* [WHAT YOU ARE ASKED TO DO] Every entry below, from first to last, should be copied exactly.

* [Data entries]
● ● ● ● ● ● ●

(* Let $S$ be an infinite finitely generated cancellative semigroup that is not a group. Then $|\Omega S|=1$ or $|\Omega S|\ge\aleph_0$.
   Context: $S$ is cancellative if both $ax=ay\Rightarrow x=y$ and $xa=ya\Rightarrow x=y$ for all $a,x,y\in S$. A digraph on $\Omega$ is a subset $\Gamma\subseteq\Omega\times\Omega$. A path is a sequence of pairwise distinct vertices $(v_0,v_1,\ldots)$ with $(v_i,v_{i+1})\in\Gamma$ (length 0 allowed); a ray is an infinite path; an anti-ray is an infinite sequence of distinct vertices with $(v_{i+1},v_i)\in\Gamma$. For infinite $\Sigma',\Sigma\subseteq\Omega$, $\Sigma'\preccurlyeq\Sigma$ means there are infinitely many pairwise vertex-disjoint paths from vertices of $\Sigma'$ to vertices of $\Sigma$. On rays and anti-rays $\preccurlyeq$ is a preorder with associated equivalence $\approx$; the ends are the $\approx$-classes of rays and anti-rays, and $\Omega\Gamma$ is the poset of ends. The right Cayley graph $\Gamma_r(S,A)$ has vertex set $S$ and edges $(x,xa)$, $x\in S$, $a\in A$. For finitely generated $S$, $\Omega S:=\Omega\Gamma_r(S,A)$ for any finite generating set $A$ (well defined up to isomorphism). *)

theory Defs
  imports Main
begin

text \<open>Semigroups are modelled as types of class semigroup_mult; S is UNIV.\<close>

definition cancellative :: "('a::semigroup_mult) itself \<Rightarrow> bool" where
  "cancellative _ \<longleftrightarrow>
     (\<forall>a x y :: 'a. a * x = a * y \<longrightarrow> x = y) \<and> (\<forall>a x y :: 'a. x * a = y * a \<longrightarrow> x = y)"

● ● ● ● ● ● ●

* [REPLY]
(* Let $S$ be an infinite finitely generated cancellative semigroup that is not a group. Then $|\Omega S|=1$ or $|\Omega S|\ge\aleph_0$.
   Context: $S$ is cancellative if both $ax=ay\Rightarrow x=y$ and $xa=ya\Rightarrow x=y$ for all $a,x,y\in S$. A digraph on $\Omega$ is a subset $\Gamma\subseteq\Omega\times\Omega$. A path is a sequence of pairwise distinct vertices $(v_0,v_1,\ldots)$ with $(v_i,v_{i+1})\in\Gamma$ (length 0 allowed); a ray is an infinite path; an anti-ray is an infinite sequence of distinct vertices with $(v_{i+1},v_i)\in\Gamma$. For infinite $\Sigma',\Sigma\subseteq\Omega$, $\Sigma'\preccurlyeq\Sigma$ means there are infinitely many pairwise vertex-disjoint paths from vertices of $\Sigma'$ to vertices of $\Sigma$. On rays and anti-rays $\preccurlyeq$ is a preorder with associated equivalence $\approx$; the ends are the $\approx$-classes of rays and anti-rays, and $\Omega\Gamma$ is the poset of ends. The right Cayley graph $\Gamma_r(S,A)$ has vertex set $S$ and edges $(x,xa)$, $x\in S$, $a\in A$. For finitely generated $S$, $\Omega S:=\Omega\Gamma_r(S,A)$ for any finite generating set $A$ (well defined up to isomorphism). *)

theory Defs
  imports Main
begin

text \<open>Semigroups are modelled as types of class semigroup_mult; S is UNIV.\<close>

definition cancellative :: "('a::semigroup_mult) itself \<Rightarrow> bool" where
  "cancellative _ \<longleftrightarrow>
     (\<forall>a x y :: 'a. a * x = a * y \<longrightarrow> x = y) \<and> (\<forall>a x y :: 'a. x * a = y * a \<longrightarrow> x = y)"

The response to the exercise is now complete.